May drifted into June, and all of my days were built around Joy. I’d go to the hospital first thing in the morning, walking the thirty blocks to the Children’s Hospital of Philadelphia as the sun came up. Robed and masked and gloved, I’d sit beside her on a sterile rocking chair in the NICU, holding her tiny hand, brushing her lips with my fingertips, singing her the songs we’d danced to months before. Those were the only moments I didn’t feel the rage consuming me; the only times I could breathe.
And when I felt the anger coming back, when I’d feel my chest tightening and my hands wanting to hit something, I’d leave her. I’d go home to pace the floors and pump my breasts, to clean and scrub floors and counters that I’d cleaned and scrubbed the day before. And I’d take long, furious walks through the city, with my ankle in the increasingly filthy walking cast, charging through yellow lights and shooting evil glances at any car that dared inch toward the intersection.
I got used to the little voice in my head, the one from the airport, the one that had floated up to the ceiling and watched me rage at Bruce while mourning quietly that he wasn’t the one. I got used to the voice asking Why? every morning, when I laced up my sneakers and yanked a succession of nondescript shirts over my head… and asking Why? again at night, when I’d play my messages back – ten, fifteen messages from my mother, my sister, from Maxi, and Peter Krushelevansky, from all of my friends – -and then erase each one without ever calling back, until the day I started erasing them without even listening. You’re too sad, the voice would murmur, as I stomped up Walnut Street. Take it easy, said the voice, as I gulped scalding black coffee, cup after cup, for breakfast. Talk to someone, said the voice. Let them help. I ignored it. Who could help me now? What was there left for me but the streets and the hospital, my silent apartment, and my empty bed?
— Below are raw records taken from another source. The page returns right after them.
(* Let $r>0$ and let $f\in\mathcal S(\mathbb{R}^2)$. Let $g=\mathcal F f$ be its equidistant-detector fan-beam transform with source radius $r$, i.e. for $(s,\beta)\in\mathbb{R}\times\mathbb{R}$, $$g(s,\beta)=\int_0^\infty f\Big(r\theta_\beta+t\,\frac{s\theta_\beta^\perp-r\theta_\beta}{\|s\theta_\beta^\perp-r\theta_\beta\|_2}\Big)\,dt,\qquad \theta_\beta=(\cos\beta,\sin\beta),\ \theta_\beta^\perp=(-\sin\beta,\cos\beta).$$ Let $h^*\in\mathbb{R}$ and define the misaligned sinogram $\tilde g(s,\beta)=g(s-h^*,\beta)$. Define, for $s\in\mathbb{R}$, $$\tilde p(s)=\int_0^{2\pi}\tilde g(s,\beta)\,d\beta,\qquad w(s)=\int_0^{2\pi}\tilde g\Big(-s,\ \beta+\pi+2\arctan\frac{s}{r}\Big)\,d\beta .$$ Then $\tilde p(s)=w(s-2h^* )$ for all $s\in\mathbb{R}$.
   Context: $\mathcal S(\mathbb{R}^2)$ denotes the Schwartz space of rapidly decreasing functions on $\mathbb{R}^2$. The fan-beam transform $g=\mathcal F f$ gives the integral of $f$ along the ray starting at the source point $r\theta_\beta$ and passing through the detector point $s\theta_\beta^\perp$ (the detector coordinate axis passes through the origin); the angle $\beta$ is the polar angle of the source direction, so $g$ and $\tilde g$ are $2\pi$-periodic in $\beta$. The translation $\tilde g(s,\beta)=g(s-h^*,\beta)$ models a shift of the center of rotation by the (unknown) amount $h^*$ along the detector. *)

theory Defs
  imports "HOL-Analysis.Analysis"
begin

definition dir_deriv :: "(real \<times> real) \<Rightarrow> ((real \<times> real) \<Rightarrow> real) \<Rightarrow> (real \<times> real) \<Rightarrow> real" where
  "dir_deriv v f x = deriv (\<lambda>t. f (x + t *\<^sub>R v)) 0"

fun iter_partial :: "(real \<times> real) list \<Rightarrow> ((real \<times> real) \<Rightarrow> real) \<Rightarrow> (real \<times> real) \<Rightarrow> real" where
  "iter_partial [] f = f"
| "iter_partial (v # vs) f = dir_deriv v (iter_partial vs f)"

definition coord_dirs :: "(real \<times> real) set" where
  "coord_dirs = {(1,0), (0,1)}"
lemma rat_lin_indep2I_int:
  assumes "\<And>P Q :: int. of_int P * r + of_int Q * s = 0 \<Longrightarrow> P = 0 \<and> Q = 0"
  shows "rat_lin_indep2 r s"
  unfolding rat_lin_indep2_def
proof (intro allI impI)
  fix a b :: rat assume rel: "of_rat a * r + of_rat b * s = 0"
  obtain A D where AD: "quotient_of a = (A, D)" by fastforce
  obtain B E where BE: "quotient_of b = (B, E)" by fastforce
  have pos: "D > 0" "E > 0" using quotient_of_denom_pos AD BE by blast+
  have "(of_rat a :: real) = of_int A / of_int D" "(of_rat b :: real) = of_int B / of_int E"
    using quotient_of_div[OF AD] quotient_of_div[OF BE] by (simp_all add: of_rat_divide)
  then have "of_int (A * E) * r + of_int (B * D) * s = of_int (D * E) * (of_rat a * r + of_rat b * s)"
    using pos by (simp add: field_simps)
  with rel have "of_int (A * E) * r + of_int (B * D) * s = 0" by simp
  then have "A * E = 0 \<and> B * D = 0" by (rule assms)
  then show "a = 0 \<and> b = 0" using pos quotient_of_div[OF AD] quotient_of_div[OF BE] by auto
qed

lemma int_combination_of_digits_eq_zero:
  fixes P Q a b a' b' :: int
  assumes "a \<in> {1, 2}" "b \<in> {1, 2}" "a \<noteq> b" "b' \<in> {1, 2}" "a' = 3 - a"
    and "P * a + Q * b = 0" "P * a' + Q * b' = 0"
  shows "P = 0 \<and> Q = 0"
  using assms by auto

locale lin_indep_construction = Metric_space +
  fixes cell :: "nat \<Rightarrow> 'a \<Rightarrow> 'a set" and label :: "'a \<Rightarrow> real" and \<epsilon> :: real and K :: nat
  assumes cell_partition: "fine_open_partition (\<epsilon> / (8 * real (Suc n))) (cell n)"
    and label_inj: "inj_on label M"
    and eps_pos: "\<epsilon> > 0"
    and K_small: "(1/10::real)^K \<le> \<epsilon>/8"
begin

lemma in_cell: "x \<in> M \<Longrightarrow> x \<in> cell n x"
  and cell_subset: "x \<in> M \<Longrightarrow> cell n x \<subseteq> M"
  and openin_cell: "x \<in> M \<Longrightarrow> openin mtopology (cell n x)"
  and cell_eq: "x \<in> M \<Longrightarrow> y \<in> cell n x \<Longrightarrow> cell n y = cell n x"
  and cell_small: "x \<in> M \<Longrightarrow> y \<in> cell n x \<Longrightarrow> d x y < \<epsilon> / (8 * real (Suc n))"
  using cell_partition[of n] unfolding fine_open_partition_def by blast+

lemma cell_eq_iff: "x \<in> M \<Longrightarrow> y \<in> M \<Longrightarrow> cell n x = cell n y \<longleftrightarrow> y \<in> cell n x"
  using in_cell[of y n] cell_eq[of x y n] by auto

lemma exists_mesh_below:
  assumes "r > 0" shows "\<exists>N. \<epsilon> / (8 * real (Suc N)) < r"
proof -
  obtain N :: nat where "\<epsilon> / (8 * r) < real N" using reals_Archimedean2 by blast
  then have "\<epsilon> / (8 * real (Suc N)) < r" using assms eps_pos by (simp add: field_simps)
  then show ?thesis ..
qed

lemma different_cells_if_far:
  assumes "x \<in> M" "y \<in> M" "\<epsilon> / (8 * real (Suc N)) \<le> d x y"
  shows "cell N x \<noteq> cell N y"
  using cell_eq_iff cell_small assms by fastforce

definition rep :: "nat \<Rightarrow> 'a \<Rightarrow> 'a" where "rep n x = (SOME z. z \<in> cell n x)"

definition label_pair :: "nat \<Rightarrow> 'a \<Rightarrow> 'a \<Rightarrow> real \<times> real" where
  "label_pair n x y = (min (label (rep n x)) (label (rep n y)), max (label (rep n x)) (label (rep n y)))"

definition separated :: "nat \<Rightarrow> 'a \<Rightarrow> 'a \<Rightarrow> bool" where
  "separated n x y \<longleftrightarrow> (\<exists>i\<le>n. cell i x \<noteq> cell i y)"

definition digit :: "nat \<Rightarrow> 'a \<Rightarrow> 'a \<Rightarrow> int" where
  "digit n x y =
     (if separated n x y
      then (if pair_bit (snd (prod_decode n)) (label_pair (fst (prod_decode n)) x y) then 2 else 1)
      else 0)"

definition digit_sum :: "'a \<Rightarrow> 'a \<Rightarrow> real" where
  "digit_sum x y = (\<Sum>n. real_of_int (digit n x y) * (1/10)^(n*n))"

text \<open>Rounding up by between \<open>\<epsilon>/8\<close> and \<open>\<epsilon>/4\<close>: the two roundings on the right of a triangle
  inequality absorb the one on the left.\<close>
definition rat_above :: "real \<Rightarrow> real" where
  "rat_above s = (SOME q. q \<in> \<rat> \<and> s + \<epsilon>/8 \<le> q \<and> q \<le> s + \<epsilon>/4)"

definition coarse_dist :: "'a \<Rightarrow> 'a \<Rightarrow> real" where
  "coarse_dist x y = (if cell 0 x = cell 0 y then 0 else rat_above (d (rep 0 x) (rep 0 y)))"

definition li_dist :: "'a \<Rightarrow> 'a \<Rightarrow> real" where
  "li_dist x y = coarse_dist x y + (1/10)^K * digit_sum x y"

lemma rep_in_cell: "x \<in> M \<Longrightarrow> rep n x \<in> cell n x"
  unfolding rep_def by (rule someI) (rule in_cell)

lemma rep_in_M: "x \<in> M \<Longrightarrow> rep n x \<in> M"
  using rep_in_cell cell_subset by blast

lemma rep_eq_iff: "x \<in> M \<Longrightarrow> y \<in> M \<Longrightarrow> rep n x = rep n y \<longleftrightarrow> cell n x = cell n y"
  by (metis cell_eq rep_def rep_in_cell)

lemma separated_sym: "separated n x y \<longleftrightarrow> separated n y x"
  unfolding separated_def by metis

lemma separated_mono: "separated N x y \<Longrightarrow> N \<le> n \<Longrightarrow> separated n x y"
  unfolding separated_def by (meson order_trans)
I let the voice mail keep taking my calls. I instructed the post office that I would be out of town for an indefinite period and to please hold my mail. I let my computer gather dust. I stopped checking my e-mail. And on one of my walks I dropped my pager into the Delaware River without missing a single step. The cast came off, and I started going on even longer walks – four hours, six hours, meandering loops through the city’s worst neighborhoods, past crack dealers, hookers of the male and female variety, dead pigeons in gutters, the burned-out skeletons of cars, without seeing any of it, and without being afraid. How could any of this hurt me, after what I’d already lost? When I ran into Samantha on the street, I told her I was too busy to hang out, shifting from foot to foot with my eyes on the horizon so I wouldn’t have to see her worried face. Getting things ready, I explained, waiting to be off again. The baby’s coming home soon.